The trailing zero is the numeric value which, as the ASCII uppercase and lowercase letters are not classed as numeric, will not be used. The C static structure initialisation needs something, though!
In fact, there are 194 such Lu
Unicode code points and 204 such
Ll
Unicode code points if we’re just using
utils/Unicode/UnicodeData.txt
. Similarly, there are 76 Lu
and Ll
code points where the uppercase and lowercase character
differ by 40 rather than 32.
Whilst 430 variations sounds good, we still have to get from a code point to there – and we don’t want a 1114112 (#x110000) entry lookup table.
At this point Schoenenberger splits the code points into pages of 256
code points and does a double indirection from a PageIndex[cp >>
8]
into an InfoIndex[page][cp & 0xff]
to reference one of the
430 (529 in his case) variations.

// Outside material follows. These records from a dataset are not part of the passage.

lemma av_of_nat_coprime:
  assumes "\<not> p dvd n"
  shows "av (of_nat n) = 1"
proof -
  have "coprime p n"
    using prime_p assms by (rule prime_imp_coprime_nat)
  then have "gcd (int n) (int p) = 1"
    by (simp add: coprime_commute gcd_int_def)
  then obtain u v where "u * int n + v * int p = 1"
    using bezout_int by metis
  then have "1 = of_int u * of_nat n + of_int v * (of_nat p :: 'a)"
    by (metis of_int_1 of_int_add of_int_mult of_int_of_nat_eq)
  then have "1 \<le> max (av (of_int u * of_nat n)) (av (of_int v * of_nat p))"
    using av_add_le av_one by metis
  moreover have "av (of_int u * of_nat n) \<le> av (of_nat n)"
    unfolding av_mult by (rule mult_left_le_one_le[OF av_nonneg av_nonneg av_of_int_le_1])
  moreover have "av (of_int v * of_nat p) < 1"
    unfolding av_mult
    using mult_left_le_one_le[OF av_nonneg av_nonneg av_of_int_le_1] av_p_less_1
    by (rule le_less_trans)
  ultimately show ?thesis
    using av_of_nat_le_1[of n] by linarith
qed

lemma av_p_power_le_1: "av (of_nat p) ^ i \<le> 1"
  using av_p_pos av_p_less_1 by (simp add: power_le_one)

lemma av_phantom_term: "av (of_nat (p ^ i) * x ^ k) = av (of_nat p) ^ i * av x ^ k"
  by (simp add: av_mult av_power)

lemma av_phantom_term_le:
  assumes "av x \<le> 1" "1 \<le> k"
  shows "av (of_nat (p ^ i) * x ^ k) \<le> av x"
proof -
  have "av (of_nat p) ^ i * av x ^ k \<le> av x ^ k"
    by (rule mult_left_le_one_le) (simp_all add: av_nonneg av_p_power_le_1)
  also have "\<dots> \<le> av x"
    using power_decreasing[OF assms(2) av_nonneg assms(1)] by simp
  finally show ?thesis
    unfolding av_phantom_term .
qed

lemma av_phantom_term_less:
  assumes "av x \<le> 1" "1 \<le> k" "av (of_nat p) ^ i < e \<or> av x < e \<or> av x ^ k < e"
  shows "av (of_nat (p ^ i) * x ^ k) < e"
  using assms(3)
proof (elim disjE)
  assume "av (of_nat p) ^ i < e"
  moreover have "av (of_nat p) ^ i * av x ^ k \<le> av (of_nat p) ^ i"
    using av_p_pos assms(1) by (simp add: mult_left_le power_le_one av_nonneg)
  ultimately show ?thesis
    unfolding av_phantom_term by linarith
next
  assume "av x < e"
  then show ?thesis
    using av_phantom_term_le[OF assms(1,2), of i] by linarith
next
  assume "av x ^ k < e"
  moreover have "av (of_nat p) ^ i * av x ^ k \<le> av x ^ k"
    by (rule mult_left_le_one_le) (simp_all add: av_nonneg av_p_power_le_1)
  ultimately show ?thesis
    unfolding av_phantom_term by linarith
qed

lemma av_phantom_le_1:
  assumes "\<And>i. av (l i) \<le> 1"
  shows "av (phantom p l m) \<le> 1"
  unfolding phantom_def
proof (rule av_sum_le)
  fix i
  show "av (of_nat (p ^ i) * l i ^ p ^ (m - i)) \<le> 1"
    using av_phantom_term_le[OF assms one_le_p_power] assms order_trans by blast
qed simp

lemma av_phantom_less:
  assumes "\<And>i. av (l i) \<le> 1" "0 < e"
    and "\<And>i. i \<le> m \<Longrightarrow> av (of_nat p) ^ i < e \<or> av (l i) < e \<or> av (l i) ^ p ^ (m - i) < e"
  shows "av (phantom p l m) < e"
  unfolding phantom_def
  using av_phantom_term_less[OF assms(1) one_le_p_power] assms(3)
  by (intro av_sum_less[OF assms(2)]) simp

lemma av_phantom_eventually_eq:
  assumes bound: "\<And>i. av (l i) \<le> 1"
    and unit: "av (l k) = 1"
    and below: "\<And>i. i < k \<Longrightarrow> av (l i) < 1"
  shows "eventually (\<lambda>m. av (phantom p l m) = av (of_nat p) ^ k) sequentially"
proof -
  define c where "c = av (of_nat p) ^ k"
  have c: "0 < c"
    using av_p_pos by (simp add: c_def)
  have "\<forall>i\<in>{..<k}. eventually (\<lambda>j. av (l i) ^ j < c) sequentially"
    using order_tendstoD(2)[OF LIMSEQ_realpow_zero[OF av_nonneg below] c] by blast
  from eventually_ball_finite[OF finite_lessThan this]
  obtain K where K: "\<And>i j. i < k \<Longrightarrow> K \<le> j \<Longrightarrow> av (l i) ^ j < c"
    unfolding eventually_sequentially by auto
  have "av (phantom p l m) = c" if m: "K + k \<le> m" for m
  proof -
    define f where "f i = of_nat (p ^ i) * l i ^ p ^ (m - i)" for i
    have "k \<in> {..m}"
      using m by simp
    then have "phantom p l m = f k + sum f ({..m} - {k})"
      unfolding phantom_def f_def[symmetric] by (rule sum.remove[OF finite_atMost])
    moreover have "av (f k) = c"
      by (simp add: f_def c_def av_mult av_power unit)
    moreover have "av (sum f ({..m} - {k})) < c"
    proof (rule av_sum_less[OF c])
      fix i
      assume i: "i \<in> {..m} - {k}"
      have "av (of_nat p) ^ i < c \<or> av (l i) ^ p ^ (m - i) < c"
      proof (cases "i < k")
        case True
        have "K \<le> m - i"
          using True m by simp
        also have "\<dots> \<le> p ^ (m - i)"
          by (rule le_p_power)
        finally show ?thesis
          using K True by blast
      next
        case False
        with i have "k < i"
          by auto
        then show ?thesis
          using av_p_pos av_p_less_1 by (simp add: c_def power_strict_decreasing)
      qed
      then show "av (f i) < c"
        unfolding f_def using av_phantom_term_less[OF bound one_le_p_power] by blast
    qed
    ultimately show ?thesis
      using av_add_eq_left by simp
  qed
  then show ?thesis
    unfolding eventually_sequentially c_def by blast
qed

lemma av_witt_less_1_if_phantom_tendsto_0:
  assumes bound: "\<And>i. av (l i) \<le> 1"
    and lim: "(\<lambda>m. av (phantom p l m)) \<longlonglongrightarrow> 0"
  shows "av (l k) < 1"
proof (rule ccontr)
  assume "\<not> av (l k) < 1"
  define k0 where "k0 = (LEAST k. \<not> av (l k) < 1)"
  have "\<not> av (l k0) < 1"
    unfolding k0_def by (rule LeastI) fact
  then have "av (l k0) = 1"
    using bound[of k0] by linarith
  moreover have "av (l i) < 1" if "i < k0" for i
    using not_less_Least[of i "\<lambda>k. \<not> av (l k) < 1"] that unfolding k0_def by blast
  ultimately have "eventually (\<lambda>m. av (phantom p l m) = av (of_nat p) ^ k0) sequentially"
    by (intro av_phantom_eventually_eq bound) auto
  with lim have "(\<lambda>m. av (of_nat p) ^ k0) \<longlonglongrightarrow> 0"
    using tendsto_cong by force
  then have "av (of_nat p) ^ k0 = 0"
    by (simp add: LIMSEQ_const_iff)
  then show False
    using av_p_pos by simp
qed

definition phantoms_tend_to_zero :: "nat set \<Rightarrow> (nat \<Rightarrow> nat \<Rightarrow> 'a) \<Rightarrow> bool" where
  "phantoms_tend_to_zero N lam \<longleftrightarrow>
     (\<forall>e>0. \<exists>M. \<forall>n\<in>N. \<forall>m. M \<le> n * p ^ m \<longrightarrow> av (phantom p (lam n) m) < e)"

lemma av_witt_entry_tends_to_zero_if_phantoms_tend_to_zero:
  assumes bound: "\<And>n i. n \<in> N \<Longrightarrow> av (lam n i) \<le> 1"
    and phantoms: "phantoms_tend_to_zero N lam"
    and e: "0 < e"
  shows "\<exists>N0. \<forall>n\<in>N. N0 \<le> n \<longrightarrow> av (lam n m) < e"
  using e
proof (induction m arbitrary: e rule: less_induct)
  case (less m)
  define c where "c = e * av (of_nat p) ^ m"
  have c: "0 < c"
    using less.prems av_p_pos by (simp add: c_def)
  have "\<forall>i\<in>{..<m}. eventually (\<lambda>N0. \<forall>n\<in>N. N0 \<le> n \<longrightarrow> av (lam n i) < c) sequentially"
    using less.IH[OF _ c] unfolding eventually_sequentially by (meson lessThan_iff order_trans)
  from eventually_ball_finite[OF finite_lessThan this]
  obtain N1 where N1: "\<And>i n. i < m \<Longrightarrow> n \<in> N \<Longrightarrow> N1 \<le> n \<Longrightarrow> av (lam n i) < c"
    unfolding eventually_sequentially by auto
  obtain M where M: "\<And>n m. n \<in> N \<Longrightarrow> M \<le> n * p ^ m \<Longrightarrow> av (phantom p (lam n) m) < c"
    using phantoms c unfolding phantoms_tend_to_zero_def by blast
  show ?case
  proof (intro exI[of _ "max N1 M"] ballI impI)
    fix n
    assume n: "n \<in> N" and large: "max N1 M \<le> n"
    have "M \<le> n"
      using large by simp
    also have "n \<le> n * p ^ m"
      using one_le_p_power[of m] by simp
    finally have "av (phantom p (lam n) m) < c"
      by (rule M[OF n])
    moreover have "av (\<Sum>i<m. of_nat (p ^ i) * lam n i ^ p ^ (m - i)) < c"
    proof (rule av_sum_less[OF c])
      fix i
      assume "i \<in> {..<m}"
      then have "av (lam n i) < c"
        using N1[OF _ n] large by simp
      then show "av (of_nat (p ^ i) * lam n i ^ p ^ (m - i)) < c"
        using av_phantom_term_le[OF bound[OF n, of i] one_le_p_power[of "m - i"], of i] by linarith
    qed
    moreover have "av (of_nat (p ^ m) * lam n m)
        \<le> max (av (phantom p (lam n) m)) (av (\<Sum>i<m. of_nat (p ^ i) * lam n i ^ p ^ (m - i)))"
      using av_diff_le[of "phantom p (lam n) m" "\<Sum>i<m. of_nat (p ^ i) * lam n i ^ p ^ (m - i)"]
      by (simp add: phantom_split_last)
    ultimately have "av (of_nat p) ^ m * av (lam n m) < e * av (of_nat p) ^ m"
      by (simp add: av_mult av_power c_def)
    then show "av (lam n m) < e"
      using av_p_pos by (simp add: mult.commute)
  qed
qed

Those two tables come to some 43k
words, which is a fraction of the nominal size.
The trick he’s pulling here is that when you divide the entire code point table up into groups of 256 code points then even those groups of 256, of what you might think were fairly random collection of references to the 430 unique variations, end up with duplicates. And this isn’t talking about Planes 4 through 13 which will all map to an Unassigned variation.
Unicode Character Database¶
For everything, see http://www.unicode.org/reports/tr44/. The
relevant files have been copied into utils/Unicode
.
Broadly, Unicode have defined 17 Planes each with a potential for
65,536 code points. That makes any mapping be at least 1114109
entries long. Blocks within those Planes are assigned for groups of
code points with a common ancestry. For example, code points
U+0000
through U+007F
are ASCII. Some of those blocks are
complete because the group is well defined, eg. ASCII, whereas others
include unassigned code points leaving room for later additions. The
order in which those blocks are assigned is (probably) an editorial
whim.
Note: even though Unicode Planes 4-13 are currently unassigned, see Unicode Planes, it isn’t clear that Unicode will stick to 17 planes. Given that we have to read the Unicode UCD files we might as well leave the actual number of Unicode code points/Planes dynamic based on reading the files.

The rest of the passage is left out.